Release Date: 3/3/2004
Contact Information: Wendy L. Chavez, (415) 947-4248

SAN FRANCISCO -- U.S. Environmental Protection Agency Regional Administrator Wayne Nastri today toured the Tohono O'odham Nation and gave the tribe a $50,000 grant to address increased illegal dumping along the border.

Federal law enforcement authorities estimate that approximately 1,500 undocumented migrants cross the reservation every day, leaving behind more than six tons of solid waste on their land daily. The Tohono O'odham Nation share more than 75 miles of shared border with Mexico, the largest international border of any tribe in the U.S.

The Tohono O'odham Nation has identified two major migrant campsites that are littered with discarded items, such as water bottles, backpacks and blankets. As part of the 9-month pilot project, the grant will fund the cleanup of these two areas. The tribe will then determine if the waste can be recycled or sold, and if a sustainable program can be created that will cover costs for future cleanups.

"Funding tribal programs is a high priority for the EPA. We have a responsibility to help tribes protect and restore their natural resources, the environment and public health," said Nastri. "We need to do more, and this grant is an important step in helping the Tohono O'odham enjoy a landscape that is clear of waste."

Regional Administrator Wayne Nastri also toured the Cyprus Tohono mine, an inactive copper mine, where contamination threatened nearby drinking water wells. New water lines were recently constructed and the community now has a source for clean water.

Nastri also made a stop at one of the many successful open dump cleanups. Currently, the tribe has funding to close 62 of 113 open dump sites on the tribe's land, of which 14 have successfully been closed.

The EPA's regional office is currently working with over 130 tribes in Arizona, California and Nevada to build tribal environmental programs.
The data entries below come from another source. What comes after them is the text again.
(* If $\mathbf{A}$ is a finite algebra with a Maltsev polynomial, then $\mathbf{A}$ is covered by the set of its $\langle\alpha,\beta\rangle$-minimal sets, where $\langle\alpha,\beta\rangle$ runs over all prime quotients $\alpha\prec\beta$ of the congruence lattice of $\mathbf{A}$.
   Context: A neighborhood of $\mathbf{A}$ is the range of an idempotent unary polynomial ($e(e(x))=e(x)$). For a prime quotient $\alpha\prec\beta$ in $\mathrm{Con}(\mathbf A)$, an $\langle\alpha,\beta\rangle$-minimal set is a set $e(A)$, $e$ a unary polynomial with $e(\beta)\not\subseteq\alpha$, that is minimal under inclusion among such sets (tame congruence theory). If $\mathcal U$ and $\mathcal V$ are sets of neighborhoods of $\mathbf{A}$, then $\mathcal U$ covers $\mathcal V$ if for every $V\in\mathcal V$ there are $U_1,\dots,U_k\in\mathcal U$, idempotent unary polynomials $e_1,\dots,e_k,f$ and polynomials $\lambda,\rho_1,\dots,\rho_k$ of $\mathbf{A}$ with $f(A)=V$, $e_i(A)=U_i$ and $\lambda(e_1\rho_1(x),\dots,e_k\rho_k(x))=f(x)$ for all $x\in A$. $\mathcal U$ covers $\mathbf{A}$ if it covers $\{A\}$. A Maltsev polynomial is a polynomial $m$ with $m(x,y,y)=x=m(y,y,x)$. *)

theory Defs
  imports Main
begin

text \<open>An algebra is given by a carrier set A and a set F of fundamental operations,
  each a pair (m, f) of an arity m and a function f on lists of length m.\<close>

definition algebra :: "'a set \<Rightarrow> (nat \<times> ('a list \<Rightarrow> 'a)) set \<Rightarrow> bool" where
  "algebra A F \<longleftrightarrow> A \<noteq> {} \<and>
     (\<forall>(m, f) \<in> F. \<forall>xs. length xs = m \<and> set xs \<subseteq> A \<longrightarrow> f xs \<in> A)"

text \<open>n-ary polynomial operations: the clone generated by the fundamental operations
  and all constants of A (functions on lists of length n; only values on A^n matter).\<close>

inductive_set poly :: "'a set \<Rightarrow> (nat \<times> ('a list \<Rightarrow> 'a)) set \<Rightarrow> nat \<Rightarrow> ('a list \<Rightarrow> 'a) set"
  for A F n where
  proj: "i < n \<Longrightarrow> (\<lambda>xs. xs ! i) \<in> poly A F n"
| const: "c \<in> A \<Longrightarrow> (\<lambda>xs. c) \<in> poly A F n"
| oper: "(m, f) \<in> F \<Longrightarrow> (\<forall>j<m. g j \<in> poly A F n) \<Longrightarrow>
          (\<lambda>xs. f (map (\<lambda>j. g j xs) [0..<m])) \<in> poly A F n"

definition upoly :: "'a set \<Rightarrow> (nat \<times> ('a list \<Rightarrow> 'a)) set \<Rightarrow> ('a \<Rightarrow> 'a) set" where
  "upoly A F = {(\<lambda>x. p [x]) | p. p \<in> poly A F 1}"

definition idempotent_on :: "'a set \<Rightarrow> ('a \<Rightarrow> 'a) \<Rightarrow> bool" where
  "idempotent_on A e \<longleftrightarrow> (\<forall>x\<in>A. e (e x) = e x)"

definition Con :: "'a set \<Rightarrow> (nat \<times> ('a list \<Rightarrow> 'a)) set \<Rightarrow> 'a rel set" where
  "Con A F = {\<theta>. equiv A \<theta> \<and>
     (\<forall>(m, f) \<in> F. \<forall>xs ys. length xs = m \<and> length ys = m \<and> set xs \<subseteq> A \<and> set ys \<subseteq> A \<and>
        (\<forall>i<m. (xs ! i, ys ! i) \<in> \<theta>) \<longrightarrow> (f xs, f ys) \<in> \<theta>)}"

definition prime_quotient :: "'a set \<Rightarrow> (nat \<times> ('a list \<Rightarrow> 'a)) set \<Rightarrow> 'a rel \<Rightarrow> 'a rel \<Rightarrow> bool" where
  "prime_quotient A F \<alpha> \<beta> \<longleftrightarrow> \<alpha> \<in> Con A F \<and> \<beta> \<in> Con A F \<and> \<alpha> \<subset> \<beta> \<and>
     \<not> (\<exists>\<gamma>\<in>Con A F. \<alpha> \<subset> \<gamma> \<and> \<gamma> \<subset> \<beta>)"

definition separates :: "('a \<Rightarrow> 'a) \<Rightarrow> 'a rel \<Rightarrow> 'a rel \<Rightarrow> bool" where
  "separates e \<alpha> \<beta> \<longleftrightarrow> \<not> ((\<lambda>(x, y). (e x, e y)) ` \<beta> \<subseteq> \<alpha>)"

definition minimal_sets :: "'a set \<Rightarrow> (nat \<times> ('a list \<Rightarrow> 'a)) set \<Rightarrow> 'a rel \<Rightarrow> 'a rel \<Rightarrow> 'a set set" where
  "minimal_sets A F \<alpha> \<beta> =
     {U. (\<exists>e\<in>upoly A F. separates e \<alpha> \<beta> \<and> U = e ` A) \<and>
         (\<forall>e\<in>upoly A F. separates e \<alpha> \<beta> \<and> e ` A \<subseteq> U \<longrightarrow> e ` A = U)}"

definition covers :: "'a set \<Rightarrow> (nat \<times> ('a list \<Rightarrow> 'a)) set \<Rightarrow> 'a set set \<Rightarrow> 'a set set \<Rightarrow> bool" where
  "covers A F \<U> \<V> \<longleftrightarrow> (\<forall>V\<in>\<V>. \<exists>k::nat. \<exists>U e \<rho> lam f.
     (\<forall>i<k. U i \<in> \<U> \<and> e i \<in> upoly A F \<and> idempotent_on A (e i) \<and> e i ` A = U i
            \<and> \<rho> i \<in> upoly A F) \<and>
     f \<in> upoly A F \<and> idempotent_on A f \<and> f ` A = V \<and>
     lam \<in> poly A F k \<and>
     (\<forall>x\<in>A. lam (map (\<lambda>i. e i (\<rho> i x)) [0..<k]) = f x))"

definition has_maltsev :: "'a set \<Rightarrow> (nat \<times> ('a list \<Rightarrow> 'a)) set \<Rightarrow> bool" where
  "has_maltsev A F \<longleftrightarrow> (\<exists>m\<in>poly A F 3. \<forall>x\<in>A. \<forall>y\<in>A. m [x, y, y] = x \<and> m [y, y, x] = x)"

end

theory Submission
  imports Defs "HOL-Library.FuncSet"
begin

text \<open>Going down the congruence lattice one prime quotient \<open>\<alpha> \<prec> \<beta>\<close> at a time, we
  maintain a unary polynomial \<open>g\<close> with \<open>g x \<equiv> x\<close> modulo the current congruence that is a
  polynomial combination of maps \<open>e \<circ> \<rho>\<close>, \<open>e\<close> idempotent onto a minimal set of some prime
  quotient; at the identity congruence \<open>g\<close> is the identity and this is the covering.
  To pass from \<open>\<beta>\<close> to \<open>\<alpha>\<close>, points are repaired one by one. If \<open>(g z, z) \<in> \<beta> - \<alpha>\<close>,
  a minimal set separates this pair, and the Maltsev polynomial \<open>m\<close> makes the congruence
  generated by \<open>\<alpha>\<close> and the separated pair reachable by single unary polynomials \<open>u\<close>; then
  \<open>x \<mapsto> m [g x, u (g z), u (m [g z, g x, x])]\<close> fixes \<open>z\<close> modulo \<open>\<alpha>\<close> and loses none of the
  closeness of \<open>g\<close> to the identity.\<close>

section \<open>Polynomial operations\<close>

lemma poly_closed:
  assumes alg: "algebra A F"
  shows "p \<in> poly A F n \<Longrightarrow> length xs = n \<Longrightarrow> set xs \<subseteq> A \<Longrightarrow> p xs \<in> A"
proof (induction p rule: poly.induct)
  case (proj i) then show ?case by auto
next
  case (const c) then show ?case by auto
next
  case (oper m f g)
  have "set (map (\<lambda>j. g j xs) [0..<m]) \<subseteq> A" using oper by auto
  moreover have "length (map (\<lambda>j. g j xs) [0..<m]) = m" by simp
  ultimately show ?case using alg oper.hyps(1) unfolding algebra_def by fastforce
qed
Last year, the agency worked with tribes to improve drinking water for over 13,000 tribal homes, and to close 30 open dumps.

Nearly half of all tribes in the United States lack a solid waste management program. The EPA estimates that over 7 percent of all tribal members living on reservations in the U.S. lack running water, compared with less than half of one percent of the United States population as a whole. Over 1,100 open dumps are found on U.S. reservations.